I meant: I know that it is dangerous to use the pointer arithmetic because
if you do a wrong calculation or do not check if you have left your data
structure, you can points outside this. And it's very dangerous if an user
overwrite items in your stack, for example a return-address! That's what I
mean.

But, now I know that you don't have this problem in Perl. ;)

Dirk.
 
V

Veli-Pekka Tätilä

Dirk said:
Okay, I think that I should learn much more about the differences between
a pointer and a reference. I'm just at the beginning to understand
references because the most introductions to Perl let references shown
like a pointer and don't tell the reader what are the differences.

Hi,
I'm pretty new to Perl but here's how I've understood this reference Vs
pointer question:
It is quite a common question and there are often misconceptions between the
two. A friend of mine heavily disliked a particular language because not
knowing references, he thought that the lack of pointers would be cripling
(i.e. no linked lists or function pointers, for instance).

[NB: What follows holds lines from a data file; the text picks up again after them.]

lemma light_walk:
  assumes f: "feasible IN V E R s"
  shows "X \<subseteq> V \<Longrightarrow> q \<noteq> [] \<Longrightarrow> hd q \<in> X \<Longrightarrow>
    (\<And>i. Suc i < length q \<Longrightarrow> {q ! i, q ! Suc i} \<in> E \<and> \<not> heavy (q ! i)) \<Longrightarrow>
    s (X \<union> set q) \<le> s X + real (length q - 1) * (log IN 2 + \<delta> * ell)"
proof (induction q arbitrary: X)
  case Nil
  then show ?case by simp
next
  case (Cons a q)
  show ?case
  proof (cases q)
    case Nil
    then show ?thesis using Cons.prems(3) by (simp add: insert_absorb)
  next
    case (Cons b q')
    have edge: "{a, b} \<in> E" and light: "\<not> heavy a" using Cons.prems(4)[of 0] \<open>q = b # q'\<close> by simp_all
    let ?w = "log IN 2 + \<delta> * ell"
    have "insert b X \<subseteq> V" using edge_subset_V[OF edge] Cons.prems(1) by blast
    then have "s (insert b X \<union> set q) \<le> s (insert b X) + real (length q - 1) * ?w"
      using Cons.prems(4)[of "Suc i" for i] \<open>q = b # q'\<close> by (intro Cons.IH) auto
    moreover have "s (insert b X) \<le> s X + ?w"
      using light_step[OF f edge Cons.prems(1), of a] light Cons.prems(3)
      by (simp add: insert_absorb insert_commute)
    moreover have "X \<union> set (a # q) = insert b X \<union> set q"
      using Cons.prems(3) \<open>q = b # q'\<close> by auto
    then have "s (X \<union> set (a # q)) = s (insert b X \<union> set q)" by (rule arg_cong)
    moreover have "real (length (a # q) - 1) * ?w = real (length q - 1) * ?w + ?w"
      using \<open>q = b # q'\<close> by (simp add: algebra_simps)
    ultimately show ?thesis by linarith
  qed
qed

lemma low_widthI: "(\<And>s. feasible IN V E R s \<Longrightarrow> s F \<le> (2 - \<delta>) * ell) \<Longrightarrow> low_width F"
  unfolding low_width_def by blast

lemma source_sink_le: "feasible IN V E R s \<Longrightarrow> s {xs, xt} \<le> ell"
  using edge_step[OF _ source_sink_edge, of s "{}"] feasible_empty by fastforce

lemma low_width_source_sink: "low_width {xs, xt}"
proof (rule low_widthI)
  fix s assume "feasible IN V E R s"
  then have "s {xs, xt} \<le> ell" by (rule source_sink_le)
  also have "\<dots> \<le> (2 - \<delta>) * ell" using delta_le ell_pos by (simp add: algebra_simps)
  finally show "s {xs, xt} \<le> (2 - \<delta>) * ell" .
qed

lemma low_width_light_path:
  assumes p: "p \<in> Ps" and light: "\<And>i. i + 2 < length p \<Longrightarrow> \<not> heavy (p ! i)"
  shows "low_width (set p)"
proof (rule low_widthI)
  fix s assume f: "feasible IN V E R s"
  let ?q = "butlast p" and ?w = "log IN 2 + \<delta> * ell"
  have p2: "2 \<le> length p" "hd p = xs" "last p = xt" "distinct p" using paths[OF p] by auto
  have "p \<noteq> []" using p2(1) by auto
  have q: "?q \<noteq> []" using p2(1) by (simp flip: length_greater_0_conv)
  then have hd_q: "hd ?q = xs"
    using p2 \<open>p \<noteq> []\<close> by (auto simp: hd_conv_nth nth_butlast simp del: length_butlast)
  have "{?q ! i, ?q ! Suc i} \<in> E \<and> \<not> heavy (?q ! i)" if "Suc i < length ?q" for i
    using that path_edge_in_E[OF p, of i] light[of i] by (simp add: nth_butlast)
  then have "s ({xs, xt} \<union> set ?q) \<le> s {xs, xt} + real (length ?q - 1) * ?w"
    using light_walk[OF f, of "{xs, xt}" ?q] q hd_q V_eq by auto
  moreover have "set p = insert xt (set ?q)"
    using p2 by (induction p rule: rev_induct) auto
  then have "{xs, xt} \<union> set ?q = set p" using q hd_q hd_in_set by fastforce
  ultimately have walk: "s (set p) \<le> s {xs, xt} + real (length ?q - 1) * ?w" by simp
  have "real (length ?q - 1) \<le> real (card V)"
  proof -
    have "length p = card (set p)" using p2 by (simp add: distinct_card)
    also have "\<dots> \<le> card V" using V_eq p finite_V by (intro card_mono) auto
    finally show ?thesis by simp
  qed
  then have "real (length ?q - 1) * ?w \<le> real (card V) * ?w"
    using IN_gt_1 delta_pos ell_pos by (intro mult_right_mono) auto
  then have "s (set p) \<le> ell + real (card V) * ?w" using walk source_sink_le[OF f] by linarith
  then show "s (set p) \<le> (2 - \<delta>) * ell" using walk_budget by linarith
qed

lemma low_width_fan_bag:
  assumes "heavy y" "e \<in> E"
  shows "low_width (insert y e)"
proof (rule low_widthI)
  fix s assume f: "feasible IN V E R s"
  have "y \<in> V" using assms(1) edge_subset_V unfolding heavy_def by blast
  then have "s (e \<union> {y}) \<le> s {y} + ell" using edge_step[OF f assms(2)] by blast
  then show "s (insert y e) \<le> (2 - \<delta>) * ell"
    using heavy_singleton_le[OF f assms(1)] by (simp add: algebra_simps)
qed

lemma cycle_edges_subset_E:
  assumes "p \<in> Ps"
  shows "cycle_edges p \<subseteq> E"
proof -
  have "p \<noteq> []" "hd p = xs" "last p = xt" using paths[OF assms] by auto
  moreover have "path_edges p \<subseteq> E" using assms E_eq by blast
  ultimately show ?thesis using cycle_edges_eq[of p] source_sink_edge by (simp add: insert_commute)
qed

lemma leg_decomposition_light:
  assumes p: "p \<in> Ps" and light: "\<And>j. j + 2 < length p \<Longrightarrow> \<not> heavy (p ! j)"
  shows "\<exists>n B j. path_decomposition n B \<and> j < n \<and> {xs, xt} \<subseteq> B j \<and>
           (\<forall>k<n. B k \<subseteq> set p \<and> low_width (B k)) \<and> (\<forall>e\<in>path_edges p. \<exists>k<n. e \<subseteq> B k)"
proof -
  have "path_decomposition 1 (\<lambda>_. set p)" unfolding path_decomposition_def by simp
  moreover have "{xs, xt} \<subseteq> set p" using paths[OF p] by (auto intro: hd_in_set last_in_set)
  moreover have "low_width (set p)" using light by (rule low_width_light_path[OF p])
  moreover have "\<forall>e\<in>path_edges p. e \<subseteq> set p" unfolding path_edges_def by auto
  ultimately show ?thesis by (intro exI[of _ 1] exI[of _ "\<lambda>_. set p"] exI[of _ 0]) auto
qed

lemma leg_decomposition_fan:
  assumes p: "p \<in> Ps" and j: "j + 2 < length p" "heavy (p ! j)"
  shows "\<exists>n B j. path_decomposition n B \<and> j < n \<and> {xs, xt} \<subseteq> B j \<and>
           (\<forall>k<n. B k \<subseteq> set p \<and> low_width (B k)) \<and> (\<forall>e\<in>path_edges p. \<exists>k<n. e \<subseteq> B k)"
proof -
  have ends: "p \<noteq> []" "hd p = xs" "last p = xt" using paths[OF p] by auto
  define q where "q = rotate j p"
  define B where "B k = {q ! 0, q ! (k + 1), q ! (k + 2)}" for k
  have q: "distinct q" "length q = length p" "set q = set p" "cycle_edges q = cycle_edges p"
    using paths[OF p] unfolding q_def by (simp_all add: cycle_edges_rotate)
  have "q ! 0 = p ! j" using j(1) nth_rotate[of 0 p j] unfolding q_def by fastforce
  have covered: "\<exists>k<length q - 2. e \<subseteq> B k" if "e \<in> cycle_edges p" for e
    using fan_covers_cycle_edges[of q e] that j(1) q unfolding B_def by simp
  have "path_decomposition (length q - 2) B"
    unfolding B_def by (rule fan_path_decomposition) (use q in simp)
  moreover have "{xs, xt} \<in> cycle_edges p"
    using cycle_edges_eq[OF ends(1)] ends by (simp add: insert_commute)
  then obtain k where "k < length q - 2" "{xs, xt} \<subseteq> B k" using covered by blast
  moreover have "B k \<subseteq> set p \<and> low_width (B k)" if "k < length q - 2" for k
  proof
    show "B k \<subseteq> set p" using that q unfolding B_def by (auto intro!: nth_mem)
    have "{q ! (k + 1), q ! (Suc (k + 1) mod length q)} \<in> cycle_edges q"
      unfolding cycle_edges_def using that by (intro CollectI exI[of _ "k + 1"]) auto
    then have "{q ! (k + 1), q ! (k + 2)} \<in> E"
      using that q cycle_edges_subset_E[OF p] by auto
    then show "low_width (B k)" unfolding B_def
      using low_width_fan_bag j(2) \<open>q ! 0 = p ! j\<close> by auto
  qed
  moreover have "path_edges p \<subseteq> cycle_edges p"
    using cycle_edges_eq[OF ends(1)] by auto
  then have "\<forall>e\<in>path_edges p. \<exists>k<length q - 2. e \<subseteq> B k" using covered by blast
  ultimately show ?thesis by blast
qed

lemma leg_decomposition:
  assumes p: "p \<in> Ps"
  shows "\<exists>n B j. path_decomposition n B \<and> j < n \<and> {xs, xt} \<subseteq> B j \<and>
           (\<forall>k<n. B k \<subseteq> set p \<and> low_width (B k)) \<and> (\<forall>e\<in>path_edges p. \<exists>k<n. e \<subseteq> B k)"
proof (cases "\<exists>j. j + 2 < length p \<and> heavy (p ! j)")
  case True
  then obtain j where "j + 2 < length p" "heavy (p ! j)" by blast
  then show ?thesis by (rule leg_decomposition_fan[OF p])
next
  case False
  then show ?thesis using leg_decomposition_light[OF p] by blast
qed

Maybe it would help to think of references as a restricted form of pointers.
Just like a pointer a reference points to an address in memory and in Perl
has a type i.e. a reference to a scalar, array, hash or subroutine, for
example. Again like pointers you can ask something for its memory address
and assign this address to a reference. Given another reference you can also
de-reference it get the thingy to which the reference is pointing, though
you'll need to explicitly specify the dereferenced type you're expecting to
get out. Other operations for references include the equality comparison,
seeing if they point to the same thing, and asking for the type of the
reference with the ref function. Stringgification of memory addresses to
which the references point is also possible, but its only use seems to be as
hash keys. Technically references like strings and numbers are one kind of
scalar in addition to numbres and strings.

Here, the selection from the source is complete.